Well, both Isaac Newton and Gottfried Leibniz wanted very much to be that most-hated (and, yes, very important) man.
So, who is the father of calculus?
Both.
Newton seems to have started working on the then-cutting edge mathematics (today, high-school fare) before Leibniz, who had taken a look at some early Newton manuscripts.
But Newton dragged his feet, and by the time he got around to publishing his work, Leibniz had beaten him to the punch.
Their work took some different approaches, but described the same things. Much of the scientific and mathematical community supported Newton and accused Leibniz of plagiarism; that's why these days, Newton gets most of the credit…but the calculus we use today looks a lot more like Leibniz's.
No. 09 - Climate Change
Aren't we done with this already?
While the vast majority of scientists insist that climate change (née global warming) is in fact happening, a few isolated souls still refuse to believe.

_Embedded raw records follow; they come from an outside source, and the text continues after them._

(* Fix $\lambda>0$. For a suitable constant $C$, the algorithm Approx-Partition-Function$(\lambda,\epsilon)$ is an $\epsilon n$-approximation algorithm for $\log Z(G,\lambda)$ on graphs $G$ with $n$ vertices and maximum degree at most $\Delta$, and its query complexity is $\tilde{O}\left((1/\epsilon)^{\tilde{O}(\sqrt{\Delta})}\right)$.
   Context: Let $G=(V,E)$ be a finite undirected graph with $n$ vertices and maximum degree at most $\Delta$ (parallel edges and self-loops allowed); $Z(G,\lambda)=\sum_{M}\lambda^{|M|}$ over matchings $M$ of $G$, $\pi_{G,\lambda}(M)=\lambda^{|M|}/Z(G,\lambda)$, and $p_{H,\lambda}(v)$ is the Gibbs probability that $v$ is uncovered in graph $H$. Access is via oracles $\mathcal{D}(u)$ (degree) and $\mathcal{N}(u,i)$ ($i$-th neighbor); query complexity counts oracle calls. An $\epsilon n$-approximation algorithm for a graph quantity $X$ outputs, for every input graph, a value $\widehat X$ with $|\widehat X-X|\le\epsilon n$ with probability at least $2/3$. The algorithm: fix a uniformly random total order $\succ$ on $V$ (by assigning i.i.d. uniform $[0,1]$ labels lazily to visited vertices), and let $G_v$ be the subgraph induced by $\{u:u\succeq v\}$. Let $s=\lceil C/\epsilon^2\rceil$ and sample a multiset $U$ of $s$ vertices uniformly and independently. For each $u\in U$ compute an estimate $\widehat p_u$ of $p_{G_u,\lambda}(u)$ by the following procedure on $G_u$: for $h=1,2,\dots$ compute $x^h_u(u)$, the root value of the solution of $x_w=(1+\lambda\sum_{w'\text{ child of }w}x_{w'})^{-1}$ on the depth-$h$ truncation of the tree of simple paths in $G_u$ starting at $u$ (explored by depth-first search with the oracles), stopping at the first $h\ge2$ with $|\log x^h_u(u)-\log x^{h-1}_u(u)|\le\epsilon/(2e)$, and set $\widehat p_u=x^h_u(u)$. Output $(n/s)\sum_{u\in U}-\log\widehat p_u$. $\tilde{O}$ hides polylogarithmic factors, with $\Delta$ treated as a constant. *)

theory Defs
  imports "HOL-Probability.Probability" "HOL-Combinatorics.Permutations"
begin

text \<open>The degree oracle is D(u) = length (adj u), the neighbour oracle is
  N(u,i) = adj u ! i.  Parallel edges are repeated entries; a self-loop at u
  is an occurrence of u in adj u.\<close>

definition mult :: "(nat \<Rightarrow> nat list) \<Rightarrow> nat \<Rightarrow> nat \<Rightarrow> nat" where
  "mult adj u v = count (mset (adj u)) v"

definition multigraph :: "nat \<Rightarrow> (nat \<Rightarrow> nat list) \<Rightarrow> bool" where
  "multigraph n adj \<longleftrightarrow>
     (\<forall>u<n. set (adj u) \<subseteq> {..<n}) \<and>
     (\<forall>u<n. \<forall>v<n. u \<noteq> v \<longrightarrow> mult adj u v = mult adj v u)"

definition max_degree_le :: "nat \<Rightarrow> (nat \<Rightarrow> nat list) \<Rightarrow> nat \<Rightarrow> bool" where
  "max_degree_le n adj \<Delta> \<longleftrightarrow> (\<forall>u<n. length (adj u) \<le> \<Delta>)"

text \<open>Non-loop edges: the j-th parallel copy of the edge {u,v}, u < v.\<close>
definition edges :: "nat \<Rightarrow> (nat \<Rightarrow> nat list) \<Rightarrow> (nat \<times> nat \<times> nat) set" where
  "edges n adj = {(u, v, j). u < v \<and> v < n \<and> j < mult adj u v}"

definition ends :: "nat \<times> nat \<times> nat \<Rightarrow> nat set" where
  "ends e = {fst e, fst (snd e)}"

definition is_matching :: "nat \<Rightarrow> (nat \<Rightarrow> nat list) \<Rightarrow> (nat \<times> nat \<times> nat) set \<Rightarrow> bool" where
  "is_matching n adj M \<longleftrightarrow> M \<subseteq> edges n adj \<and>
     (\<forall>e\<in>M. \<forall>e'\<in>M. e \<noteq> e' \<longrightarrow> ends e \<inter> ends e' = {})"

definition Z :: "nat \<Rightarrow> (nat \<Rightarrow> nat list) \<Rightarrow> real \<Rightarrow> real" where
  "Z n adj lam = (\<Sum>M\<in>{M. is_matching n adj M}. lam ^ card M)"

text \<open>tree_val lam adj inG h pth w: value at the node w (end of the simple pth
  pth, which contains w) of the depth-h truncation of the tree of simple paths
  in the subgraph induced by {v. inG v}, together with the number of oracle
  queries made by the depth-first exploration: D(w) and N(w,i) for all i at each
  non-leaf node; leaves (remaining depth 0) have value 1 and cost no query.\<close>

fun tree_val :: "real \<Rightarrow> (nat \<Rightarrow> nat list) \<Rightarrow> (nat \<Rightarrow> bool) \<Rightarrow> nat \<Rightarrow> nat list \<Rightarrow> nat \<Rightarrow> real \<times> nat" where
  "tree_val lam adj inG 0 pth w = (1, 0)"
| "tree_val lam adj inG (Suc h) pth w =
     (let rs = map (\<lambda>w'. tree_val lam adj inG h (w' # pth) w')
                 (filter (\<lambda>w'. inG w' \<and> w' \<notin> set pth) (adj w))
      in (1 / (1 + lam * sum_list (map fst rs)),
          1 + length (adj w) + sum_list (map snd rs)))"

text \<open>sigma is the random total order, given as a rank permutation of {..<n}:
  v \<succeq> u iff sigma v \<ge> sigma u.  G_u is induced by {v. sigma v \<ge> sigma u}.\<close>

definition xval :: "real \<Rightarrow> (nat \<Rightarrow> nat list) \<Rightarrow> (nat \<Rightarrow> nat) \<Rightarrow> nat \<Rightarrow> nat \<Rightarrow> real \<times> nat" where
  "xval lam adj \<sigma> u h = tree_val lam adj (\<lambda>v. \<sigma> v \<ge> \<sigma> u) h [u] u"

definition stop_cond :: "real \<Rightarrow> real \<Rightarrow> (nat \<Rightarrow> nat list) \<Rightarrow> (nat \<Rightarrow> nat) \<Rightarrow> nat \<Rightarrow> nat \<Rightarrow> bool" where
  "stop_cond lam \<epsilon> adj \<sigma> u h \<longleftrightarrow> h \<ge> 2 \<and>
     \<bar>ln (fst (xval lam adj \<sigma> u h)) - ln (fst (xval lam adj \<sigma> u (h - 1)))\<bar> \<le> \<epsilon> / (2 * exp 1)"

text \<open>Estimate of p for vertex u (arbitrary value 1 if the loop never stops).\<close>
definition p_est :: "real \<Rightarrow> real \<Rightarrow> (nat \<Rightarrow> nat list) \<Rightarrow> (nat \<Rightarrow> nat) \<Rightarrow> nat \<Rightarrow> real" where
  "p_est lam \<epsilon> adj \<sigma> u =
     (if \<exists>h. stop_cond lam \<epsilon> adj \<sigma> u h
      then fst (xval lam adj \<sigma> u (LEAST h. stop_cond lam \<epsilon> adj \<sigma> u h)) else 1)"

definition queries_u :: "real \<Rightarrow> real \<Rightarrow> (nat \<Rightarrow> nat list) \<Rightarrow> (nat \<Rightarrow> nat) \<Rightarrow> nat \<Rightarrow> enat" where
  "queries_u lam \<epsilon> adj \<sigma> u =
     (if \<exists>h. stop_cond lam \<epsilon> adj \<sigma> u h
      then enat (\<Sum>h\<in>{1..(LEAST h. stop_cond lam \<epsilon> adj \<sigma> u h)}. snd (xval lam adj \<sigma> u h))
      else \<infinity>)"

definition num_samples :: "real \<Rightarrow> real \<Rightarrow> nat" where
  "num_samples C \<epsilon> = nat \<lceil>C / \<epsilon>\<^sup>2\<rceil>"

definition apf_output :: "real \<Rightarrow> real \<Rightarrow> real \<Rightarrow> nat \<Rightarrow> (nat \<Rightarrow> nat list) \<Rightarrow> (nat \<Rightarrow> nat) \<Rightarrow> nat list \<Rightarrow> real" where
  "apf_output lam \<epsilon> C n adj \<sigma> U =
     real n / real (num_samples C \<epsilon>) * sum_list (map (\<lambda>u. - ln (p_est lam \<epsilon> adj \<sigma> u)) U)"

definition apf_queries :: "real \<Rightarrow> real \<Rightarrow> (nat \<Rightarrow> nat list) \<Rightarrow> (nat \<Rightarrow> nat) \<Rightarrow> nat list \<Rightarrow> enat" where
  "apf_queries lam \<epsilon> adj \<sigma> U = sum_list (map (queries_u lam \<epsilon> adj \<sigma>) U)"

text \<open>Randomness: a uniformly random rank permutation (same law as the order
  induced by i.i.d. uniform labels) and an independent uniform list of s vertices
  (= s i.i.d. uniform vertices).\<close>
definition order_pmf :: "nat \<Rightarrow> (nat \<Rightarrow> nat) pmf" where
  "order_pmf n = pmf_of_set {\<sigma>. \<sigma> permutes {..<n}}"

definition sample_pmf :: "nat \<Rightarrow> nat \<Rightarrow> nat list pmf" where
  "sample_pmf n s = pmf_of_set {U. length U = s \<and> set U \<subseteq> {..<n}}"

definition apf_run :: "real \<Rightarrow> real \<Rightarrow> real \<Rightarrow> nat \<Rightarrow> ((nat \<Rightarrow> nat) \<times> nat list) pmf" where
  "apf_run lam \<epsilon> C n = pair_pmf (order_pmf n) (sample_pmf n (num_samples C \<epsilon>))"

end

theory Submission
  imports Defs
begin

(*
  Ordering the vertices by the random rank \<sigma>, ln Z(G) telescopes into the sum over u of
  -ln p(u), where p(u) = Z(G_u - u) / Z(G_u) is the probability that u is uncovered in G_u; the
  output is n times a sample mean of estimates of these terms, each in [0, ln (1 + lam * \<Delta>)],
  so C / \<epsilon>\<^sup>2 samples give accuracy \<epsilon> n / 2 with probability 2/3 by Chebyshev's inequality.

  Along the tree of simple paths, p(u) satisfies the recursion x = 1 / (1 + lam * \<Sigma> x_child)
  (vertex recursion of the matching partition function), and x^h is its depth-h truncation.
  The truncations alternate around p(u), so the stopping rule certifies an error of at most
  \<epsilon> / (2e).  Two levels of the recursion contract logarithmic errors by the factor
  1 - 1 / (1 + sqrt (lam * \<Delta>)): in logarithmic coordinates the two-level map has derivative
  -lam \<Sigma> Q(1 - Q) / (1 + lam \<Sigma> Q), which Cauchy-Schwarz bounds by that factor.  Hence the rule
  fires by depth H = O(sqrt (lam * \<Delta>) ln (1/\<epsilon>)), and the exploration of a depth-H tree
  of degree \<le> \<Delta> costs at most (\<Delta> + 2)^H queries.
*)

definition contraction_rate :: "real \<Rightarrow> nat \<Rightarrow> real" where
  "contraction_rate lam d = 1 - 1 / (1 + sqrt (lam * d))"

lemma contraction_rate_bounds:
  assumes "lam \<ge> 0"
  shows "0 \<le> contraction_rate lam d \<and> contraction_rate lam d \<le> 1"
  using assms by (simp add: contraction_rate_def divide_le_eq add_pos_nonneg)

lemma contraction_factor_bound:
  fixes lam S T :: real and d :: nat
  assumes lam: "lam > 0" and S: "S \<ge> 0" and T: "T \<ge> 0" and CS: "S\<^sup>2 \<le> real d * T"
  shows "lam * (S - T) \<le> contraction_rate lam d * (1 + lam * S)"
proof (cases "d = 0")
  case True
  then have "S = 0" using CS S by simp
  then show ?thesis using True lam T by (simp add: contraction_rate_def)
next
  case False
  define t where "t = sqrt (lam * d)"
  define u where "u = lam * S"
  have t: "t > 0" and tt: "t\<^sup>2 = lam * d" using False lam by (simp_all add: t_def)
  have u: "u \<ge> 0" using lam S by (simp add: u_def)
  have "u\<^sup>2 / t\<^sup>2 = lam * (S\<^sup>2 / d)"
    unfolding tt u_def power_mult_distrib using lam by (simp add: power2_eq_square)
  also have "\<dots> \<le> lam * T"
    using CS False lam by (intro mult_left_mono) (simp_all add: divide_le_eq mult.commute)
  finally have quot: "u\<^sup>2 / t\<^sup>2 \<le> lam * T" .
  \<comment> \<open>\<open>(1 + u) \<le> (1 + t)(1 + u\<^sup>2/t\<^sup>2)\<close> is AM-GM in the form \<open>u \<le> t + u\<^sup>2/t\<close>.\<close>
  have "t * u \<le> t * t + u * u"
    using u t by (smt (verit) mult_nonneg_nonneg zero_le_square left_diff_distrib right_diff_distrib)
  then have "t * (t * u) \<le> t * (t * t + u * u)"
    using t by (intro mult_left_mono) auto
  then have "1 + u \<le> (1 + t) * (1 + u\<^sup>2 / t\<^sup>2)"
    using t by (simp add: field_simps power2_eq_square) (smt (verit) zero_le_square)
  also have "\<dots> \<le> (1 + t) * (1 + lam * T)" using quot t by (intro mult_left_mono) auto
  finally have "1 + u \<le> (1 + t) * (1 + lam * T)" .
  then have "lam * (S - T) \<le> (1 + u) - (1 + u) / (1 + t)"
    using t by (simp add: u_def field_simps)
  also have "\<dots> = (1 - 1 / (1 + t)) * (1 + lam * S)" using t by (simp add: field_simps u_def)
  finally show ?thesis by (simp add: t_def contraction_rate_def)
qed

definition log_tree_step :: "real \<Rightarrow> 'a set \<Rightarrow> ('a \<Rightarrow> real) \<Rightarrow> real \<Rightarrow> real" where
  "log_tree_step lam I s \<tau> = ln (1 + lam * (\<Sum>i\<in>I. 1 / (1 + exp \<tau> * s i)))"

lemma logistic_has_derivative:
  fixes s :: real
  assumes "s \<ge> 0"
  shows "((\<lambda>\<tau>. 1 / (1 + exp \<tau> * s)) has_real_derivative
          - (1 / (1 + exp t * s)) * (1 - 1 / (1 + exp t * s))) (at t)"
proof -
  have pos: "1 + exp t * s > 0" using assms by (simp add: add_pos_nonneg)
  have "1 - 1 / (1 + exp t * s) = exp t * s / (1 + exp t * s)"
    using pos by (simp add: field_simps)
  then show ?thesis
    by (auto intro!: derivative_eq_intros simp: power2_eq_square)
qed

lemma log_tree_step_has_derivative:
  assumes lam: "lam > 0" and s: "\<And>i. i \<in> I \<Longrightarrow> s i \<ge> 0"
  shows "(log_tree_step lam I s has_real_derivative
     - lam * (\<Sum>i\<in>I. (1 / (1 + exp t * s i)) * (1 - 1 / (1 + exp t * s i)))
        / (1 + lam * (\<Sum>i\<in>I. 1 / (1 + exp t * s i)))) (at t)"
proof -
  have "0 \<le> (\<Sum>i\<in>I. 1 / (1 + exp t * s i))"
    using s by (intro sum_nonneg) (simp add: add_pos_nonneg)
  then have pos: "1 + lam * (\<Sum>i\<in>I. 1 / (1 + exp t * s i)) > 0"
    using lam by (simp add: add_pos_nonneg)
  have sum: "((\<lambda>\<tau>. \<Sum>i\<in>I. 1 / (1 + exp \<tau> * s i)) has_real_derivative
          (\<Sum>i\<in>I. - (1 / (1 + exp t * s i)) * (1 - 1 / (1 + exp t * s i)))) (at t)"
    by (rule DERIV_sum) (rule logistic_has_derivative[OF s])
  have "((\<lambda>\<tau>. 1 + lam * (\<Sum>i\<in>I. 1 / (1 + exp \<tau> * s i))) has_real_derivative
          lam * (\<Sum>i\<in>I. - (1 / (1 + exp t * s i)) * (1 - 1 / (1 + exp t * s i)))) (at t)"
    using DERIV_add[OF DERIV_const DERIV_cmult[OF sum, of lam], of 1] by simp
  from DERIV_chain2[OF DERIV_ln_divide[OF pos] this] show ?thesis
    unfolding log_tree_step_def by (simp add: sum_negf)
qed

They're kind of the scientific community's much-less-evil (ok, much-much-much-less-evil) version of holocaust deniers, met with general disdain by most scientists who don't own lots of oil-company stock.
The idea of the "greenhouse effect," by which rising carbon dioxide leads to higher average worldwide temperatures, has been around since 1896, and while this warming was noticeable as early as the 1930s, it took until the 1970s and 1980s for the scientific community to start shouting loudly at the world.
It took even longer for the general public to hear them and grow concerned, in part due to a heavy-handed campaign by the fossil-fuel lobby and in part because it's so much easier not to think about the future.
But then Al Gore came around with An Inconvenient Truth and won the Nobel Prize, and now we're all on the same page, right? Well, maybe.
No. 10 - Shapley/Curtis debate
Back in 1920, when it happened, this debate was so big that astronomers know it simply as "the Great Debate." And, like a political debate, this one happened on a single day, with a room full of people.
The Smithsonian Institution was the host for the debate, with Harlow Shapley arguing that the Milky Way galaxy was the center of the universe, with all other galaxies a part of the Milky Way; Heber Curtis, on the other hand, believed the Milky Way was just one of many galaxies.
Nowadays, sixth-grade students and anyone who's ever watched a planetarium show knows that Curtis was more right about the nature of our universe…but Shapley may have been more right about the nature of our galaxy, placing our sun at the outskirts of the Milky Way, while Curtis placed it dead center. It's nice when everyone gets to say they were right about something.